*Task inputs*.
╭──
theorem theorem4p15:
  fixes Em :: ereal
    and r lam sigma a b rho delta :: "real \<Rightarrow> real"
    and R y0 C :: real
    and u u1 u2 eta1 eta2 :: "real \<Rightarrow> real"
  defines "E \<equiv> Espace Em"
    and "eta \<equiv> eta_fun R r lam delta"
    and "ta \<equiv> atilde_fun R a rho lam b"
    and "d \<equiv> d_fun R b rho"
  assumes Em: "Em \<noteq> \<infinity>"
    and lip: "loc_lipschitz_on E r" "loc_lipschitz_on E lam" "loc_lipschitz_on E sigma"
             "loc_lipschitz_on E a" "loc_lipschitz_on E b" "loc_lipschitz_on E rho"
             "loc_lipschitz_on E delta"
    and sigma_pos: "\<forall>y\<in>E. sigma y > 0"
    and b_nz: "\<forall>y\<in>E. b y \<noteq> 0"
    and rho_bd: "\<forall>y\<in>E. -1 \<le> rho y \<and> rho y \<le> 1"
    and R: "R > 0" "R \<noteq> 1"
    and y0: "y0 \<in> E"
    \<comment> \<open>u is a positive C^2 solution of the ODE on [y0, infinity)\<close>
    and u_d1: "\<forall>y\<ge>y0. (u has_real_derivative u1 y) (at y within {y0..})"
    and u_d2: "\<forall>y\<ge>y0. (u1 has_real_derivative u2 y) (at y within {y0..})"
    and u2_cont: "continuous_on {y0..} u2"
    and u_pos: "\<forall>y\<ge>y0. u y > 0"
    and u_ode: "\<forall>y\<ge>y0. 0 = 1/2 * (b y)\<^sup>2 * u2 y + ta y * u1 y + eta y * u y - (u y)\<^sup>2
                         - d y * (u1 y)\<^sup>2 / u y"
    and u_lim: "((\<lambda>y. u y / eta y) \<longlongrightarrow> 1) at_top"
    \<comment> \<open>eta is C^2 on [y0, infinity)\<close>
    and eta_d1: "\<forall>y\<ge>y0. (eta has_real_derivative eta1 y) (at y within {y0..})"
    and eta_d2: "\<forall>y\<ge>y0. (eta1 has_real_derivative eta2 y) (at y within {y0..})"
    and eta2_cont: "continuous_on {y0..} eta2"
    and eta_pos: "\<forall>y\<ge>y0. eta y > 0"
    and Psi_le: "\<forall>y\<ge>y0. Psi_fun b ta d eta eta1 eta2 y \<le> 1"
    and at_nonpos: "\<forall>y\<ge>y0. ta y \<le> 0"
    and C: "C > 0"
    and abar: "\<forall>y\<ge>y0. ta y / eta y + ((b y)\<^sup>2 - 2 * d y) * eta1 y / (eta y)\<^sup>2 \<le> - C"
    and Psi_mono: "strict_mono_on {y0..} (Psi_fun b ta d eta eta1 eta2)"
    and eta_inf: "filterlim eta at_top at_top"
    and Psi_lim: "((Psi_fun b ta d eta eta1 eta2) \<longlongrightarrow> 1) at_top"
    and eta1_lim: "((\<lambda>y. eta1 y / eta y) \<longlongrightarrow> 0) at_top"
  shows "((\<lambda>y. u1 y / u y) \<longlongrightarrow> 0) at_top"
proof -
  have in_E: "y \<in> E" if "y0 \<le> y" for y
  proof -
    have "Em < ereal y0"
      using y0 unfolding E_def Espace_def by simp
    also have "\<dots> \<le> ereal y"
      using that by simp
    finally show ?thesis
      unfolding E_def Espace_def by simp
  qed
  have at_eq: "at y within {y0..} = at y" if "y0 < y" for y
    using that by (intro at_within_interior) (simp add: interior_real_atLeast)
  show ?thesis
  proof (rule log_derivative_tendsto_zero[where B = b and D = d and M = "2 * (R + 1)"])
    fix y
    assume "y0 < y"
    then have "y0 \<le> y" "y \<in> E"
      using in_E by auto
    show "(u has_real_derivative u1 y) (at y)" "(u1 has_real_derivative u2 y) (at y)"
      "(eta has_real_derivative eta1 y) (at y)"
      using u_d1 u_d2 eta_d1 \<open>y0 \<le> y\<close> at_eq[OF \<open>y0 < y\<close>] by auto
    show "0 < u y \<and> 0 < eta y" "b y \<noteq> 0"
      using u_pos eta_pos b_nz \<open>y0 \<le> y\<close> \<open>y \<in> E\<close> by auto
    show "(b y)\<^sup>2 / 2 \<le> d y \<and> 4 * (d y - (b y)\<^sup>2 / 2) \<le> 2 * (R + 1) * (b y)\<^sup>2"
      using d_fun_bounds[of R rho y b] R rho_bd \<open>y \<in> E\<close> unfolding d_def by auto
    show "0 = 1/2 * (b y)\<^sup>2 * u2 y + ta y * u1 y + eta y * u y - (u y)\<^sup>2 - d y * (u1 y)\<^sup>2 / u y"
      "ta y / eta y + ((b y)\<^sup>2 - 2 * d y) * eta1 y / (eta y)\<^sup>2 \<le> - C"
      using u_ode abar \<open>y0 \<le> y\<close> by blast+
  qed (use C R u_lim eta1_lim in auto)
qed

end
╰──
*Action item*.
What this exercise asks for is every line of the data above with the word "have".

*Answer for the task*.
  have in_E: "y \<in> E" if "y0 \<le> y" for y
    have "Em < ereal y0"
    also have "\<dots> \<le> ereal y"
  have at_eq: "at y within {y0..} = at y" if "y0 < y" for y
    then have "y0 \<le> y" "y \<in> E"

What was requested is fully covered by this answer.